Your Biggest Source of Trouble and Anxiety (Part 4 of 4)
As we have covered in Parts 1-3, the greatest barrier to your success is not the economy, your work habits or your opportunities. Your greatest source of stress is not money or the weather or any physical thing.
The biggest source of business problems, career difficulties and personal stress is antisocial people-people who are devious, mean-spirited, cruel, hostile or negative. People who openly or secretly oppose you, cut you down and cause you trouble.
When you handle or disconnect from an antisocial person, you feel better. You relax. You succeed more than you fail. You have less to fight on your way to your goals.
The first four ways to identify an antisocial person were covered in Parts 1-3. All three parts are posted at our new website at www.tipsforsuccess.org/success-articles.htm. Here are two more ways to identify an antisocial person.

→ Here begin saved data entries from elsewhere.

lemma bump_tendsto_indicator:
  "(\<lambda>n. bump a b (real (Suc n)) x) \<longlonglongrightarrow> indicator (box a b) x"
proof (cases "x \<in> box a b")
  case True
  then have ab: "a$i < x$i" "x$i < b$i" for i by (auto simp: mem_box_cart)
  have lim1: "(\<lambda>n. exp_recip_poly 1 (real (Suc n) * s)) \<longlonglongrightarrow> 1" if "s > 0" for s
  proof -
    have "(\<lambda>n. exp (- (inverse (real (Suc n)) * inverse s))) \<longlonglongrightarrow> exp (- (0 * inverse s))"
      by (intro tendsto_intros LIMSEQ_inverse_real_of_nat)
    moreover have "exp_recip_poly 1 (real (Suc n) * s) = exp (- (inverse (real (Suc n)) * inverse s))"
      for n using that by (simp add: exp_recip_poly_1 divide_inverse inverse_mult_distrib)
    ultimately show ?thesis by simp
  qed
  have "bump a b (real (Suc n)) x = (\<Prod>i\<in>UNIV. exp_recip_poly 1 (real (Suc n) * (x$i - a$i))
          * exp_recip_poly 1 (real (Suc n) * (b$i - x$i)))" for n
    unfolding bump_def by (simp add: algebra_simps)
  moreover have "(\<lambda>n. \<Prod>i\<in>UNIV. exp_recip_poly 1 (real (Suc n) * (x$i - a$i))
          * exp_recip_poly 1 (real (Suc n) * (b$i - x$i))) \<longlonglongrightarrow> (\<Prod>i\<in>(UNIV::'a set). 1 * 1)"
    by (intro tendsto_prod tendsto_mult lim1) (use ab in auto)
  ultimately show ?thesis using True by simp
next
  case False
  then have "bump a b (real (Suc n)) x = 0" for n
    using bump_nonzero_imp_mem_box[of "real (Suc n)" a b x] by auto
  then show ?thesis using False by simp
qed

lemma test_fun_bump:
  assumes "k > 0" "cbox a b \<subseteq> \<Omega>"
  shows "test_fun \<Omega> (bump a b k)"
proof -
  have "{x. bump a b k x \<noteq> 0} \<subseteq> cbox a b"
    using bump_nonzero_imp_mem_box[OF assms(1)] box_subset_cbox by blast
  then have c: "closure {x. bump a b k x \<noteq> 0} \<subseteq> cbox a b"
    by (rule closure_minimal[OF _ closed_cbox])
  then have "compact (closure {x. bump a b k x \<noteq> 0})"
    using c bounded_cbox bounded_subset closure_subset compact_closure by metis
  then show ?thesis using c assms C_inf_bump unfolding test_fun_def by blast
qed


section \<open>The fundamental lemma of the calculus of variations\<close>

lemma AE_eq_if_nn_integral_boxes_eq:
  fixes f g :: "real^'n::finite \<Rightarrow> ennreal"
  assumes [measurable]: "f \<in> borel_measurable lborel" "g \<in> borel_measurable lborel"
    and finite: "(\<integral>\<^sup>+ x. f x \<partial>lborel) \<noteq> \<infinity>"
    and boxes: "\<And>c d. (\<integral>\<^sup>+ x. f x * indicator (box c d) x \<partial>lborel)
                      = (\<integral>\<^sup>+ x. g x * indicator (box c d) x \<partial>lborel)"
  shows "AE x in lborel. f x = g x"
proof -
  define E where "E = range (\<lambda>(a, b). box a b :: (real^'n) set)"
  define A where "A = (\<lambda>i::nat. box (- (real i *\<^sub>R (1::real^'n))) (real i *\<^sub>R 1))"
  have "density lborel f = density lborel g"
  proof (rule measure_eqI_generator_eq[where E=E and \<Omega>=UNIV and A=A])
    show "Int_stable E" unfolding E_def Int_stable_def by (auto simp: box_Int_box)
    show "E \<subseteq> Pow UNIV" by simp
    show "emeasure (density lborel f) X = emeasure (density lborel g) X" if "X \<in> E" for X
      using that boxes unfolding E_def by (auto simp: emeasure_density)
    show "sets (density lborel f) = sigma_sets UNIV E" "sets (density lborel g) = sigma_sets UNIV E"
      unfolding E_def by (simp_all add: borel_eq_box sets_measure_of)
    show "range A \<subseteq> E" unfolding A_def E_def by auto
    show "(\<Union>i. A i) = UNIV"
    proof (rule set_eqI, rule iffI)
      fix x :: "real^'n"
      obtain i :: nat where i: "norm x < real i" using reals_Archimedean2 by blast
      have "- real i < x $ j \<and> x $ j < real i" for j
        using component_le_norm_cart[of x j] i abs_le_D1 abs_le_D2 by fastforce
      then have "x \<in> A i" unfolding A_def by (simp add: mem_box_cart)
      then show "x \<in> (\<Union>i. A i)" by blast
    qed auto
    show "emeasure (density lborel f) (A i) \<noteq> \<infinity>" for i
    proof -
      have "emeasure (density lborel f) (A i) \<le> emeasure (density lborel f) (space lborel)"
        by (rule emeasure_mono) auto
      also have "\<dots> = (\<integral>\<^sup>+ x. f x \<partial>lborel)" by (simp add: emeasure_density)
      finally show ?thesis using finite by (auto simp: top_unique)
    qed
  qed
  then show ?thesis by (intro sigma_finite_measure.density_unique[OF sigma_finite_lborel]) auto
qed

lemma AE_zero_if_box_integrals_zero:
  fixes h :: "real^'n::finite \<Rightarrow> real"
  assumes h: "integrable lborel h"
    and boxes: "\<And>c d. (\<integral>x. indicator (box c d) x * h x \<partial>lborel) = 0"
  shows "AE x in lborel. h x = 0"
proof -
  have [measurable]: "h \<in> borel_measurable lborel" using h by auto
  have "AE x in lborel. ennreal (h x) = ennreal (- h x)"
  proof (rule AE_eq_if_nn_integral_boxes_eq)
    show "(\<integral>\<^sup>+ x. ennreal (h x) \<partial>lborel) \<noteq> \<infinity>" using h unfolding real_integrable_def by auto
    fix c d :: "real^'n"
    let ?hb = "\<lambda>x. indicator (box c d) x * h x"
    have ih: "integrable lborel ?hb" using integrable_mult_indicator[OF _ h] by simp
    have "(\<integral>\<^sup>+ x. ennreal (h x) * indicator (box c d) x \<partial>lborel) = (\<integral>\<^sup>+ x. ennreal (?hb x) \<partial>lborel)"
      "(\<integral>\<^sup>+ x. ennreal (- h x) * indicator (box c d) x \<partial>lborel) = (\<integral>\<^sup>+ x. ennreal (- ?hb x) \<partial>lborel)"
      by (auto intro!: nn_integral_cong simp: indicator_def)
    moreover have
      "(\<integral>\<^sup>+ x. ennreal (?hb x) \<partial>lborel) = ennreal (enn2real (\<integral>\<^sup>+ x. ennreal (?hb x) \<partial>lborel))"
      "(\<integral>\<^sup>+ x. ennreal (- ?hb x) \<partial>lborel) = ennreal (enn2real (\<integral>\<^sup>+ x. ennreal (- ?hb x) \<partial>lborel))"
      using ih unfolding real_integrable_def by (simp_all add: less_top[symmetric])
    moreover have
      "enn2real (\<integral>\<^sup>+ x. ennreal (?hb x) \<partial>lborel) = enn2real (\<integral>\<^sup>+ x. ennreal (- ?hb x) \<partial>lborel)"
      using real_lebesgue_integral_def[OF ih] boxes[of c d] by simp
    ultimately show "(\<integral>\<^sup>+ x. ennreal (h x) * indicator (box c d) x \<partial>lborel)
        = (\<integral>\<^sup>+ x. ennreal (- h x) * indicator (box c d) x \<partial>lborel)"
      by simp
  qed auto
  then show ?thesis
  proof eventually_elim
    case (elim x)
    show ?case
    proof (cases "h x \<ge> 0")
      case True
      then have "ennreal (- h x) = 0" by (simp add: ennreal_neg)
      with elim True show ?thesis by (simp add: ennreal_eq_0_iff)
    next
      case False
      then have "ennreal (h x) = 0" by (simp add: ennreal_neg)
      with elim False show ?thesis by (simp add: ennreal_eq_0_iff)
    qed
  qed
qed

lemma C_inf_continuous: "C_inf f \<Longrightarrow> continuous_on UNIV f"
  by (erule C_inf.cases) (auto intro!: continuous_at_imp_continuous_on differentiable_imp_continuous_within)

lemma C_inf_partial: "C_inf f \<Longrightarrow> C_inf (partial f i)"
  by (erule C_inf.cases) auto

Antisocial Person's Friends, Family and Co-workers
While the antisocial will not change or improve his or her behavior, his or her associates can improve and succeed. Yet as long as they are connected to the antisocial, their improvement is temporary.
They get better and then get worse. They are happy and then depressed. Such people are on a roller coaster ride.
"Surrounding such a personality we find cowed or ill associates or friends who, when not driven actually insane, are yet behaving in a crippled manner in life, failing, not succeeding." -- L. Ron Hubbard
Like most people, you have good intentions and try to improve your life. Your statistics in life go up, life gets better.
But then you talk to an antisocial. He or she makes you feel like you are failing.
"Everyone will think you're egotistical if you buy that Mercedes."
"I'm sure that because you make more money than all of us, the IRS will audit you."
"After your life falls apart, don't blame me! I've done my best to help you, but you just won't listen to me anymore."
If you believe these statements, you may lose interest or get a headache and your production statistics drop. Eventually, you fight your way out of the mental turbulence and start to succeed again... for a while. Up and down like a roller coaster.
The stress of such situations is extreme. The stress can make you ill. As long as you are associated with the antisocial, you may not fully recover from an illness.
Your family can also suffer the effects of an antisocial. Instead of a safe, comfortable home life, he or she makes your family uncommunicative, negative or bitter.
The opposite is true with a social person.
"The friends and associates of a social personality tend to be well, happy and of good morale." -- L. Ron Hubbard
Mental stability is also a concern with those associated with antisocials.
"The largest number of insane are insane because of such antisocial connections and do not recover easily for the same reason. Unjustly we seldom see the antisocial personality actually in an institution. Only his 'friends' and family are there." -- L. Ron Hubbard
Do you know someone who drives you crazy?
Wrong Targets
"The antisocial personality habitually selects the wrong target.
"If a tire is flat from driving over nails, he or she curses a companion or a noncausative source of the trouble. If the radio next door is too loud, he or she kicks the cat.
"If A is the obvious cause, the antisocial personality inevitably blames B, or C or D." -- L. Ron Hubbard
Terrorist attacks are, of course, wrong targets. Killing solves nothing.
Charles Manson persuaded his followers to commit several murders. He testified he was trying to improve the "establishment." Later, he said a Beatles song made him do it.
Politicians, psychiatrists and social workers often select wrong targets.
"The Republicans ruined the economy."
"He robs stores because of his chemical imbalance."
"She needs more welfare checks because society is prejudiced against her."
Examples of wrong targets you see every day:
The driver behind you on the road decides you are the reason he is late for work.
A surgeon is sued for a terminal cancer patient's death.
A man who can't pay his bills blames his kids.
Recommendation
When an antisocial person decides you are to blame, face them head on. Direct confrontation stops him or her from using you as the wrong target.
"Wait a minute! I'm your boss, the one who pays you. I am not the one who got you into debt."
"You did not crash the car because I was in the back seat."
"You're unhappy because you make yourself unhappy, not because I won't do what you want me to do."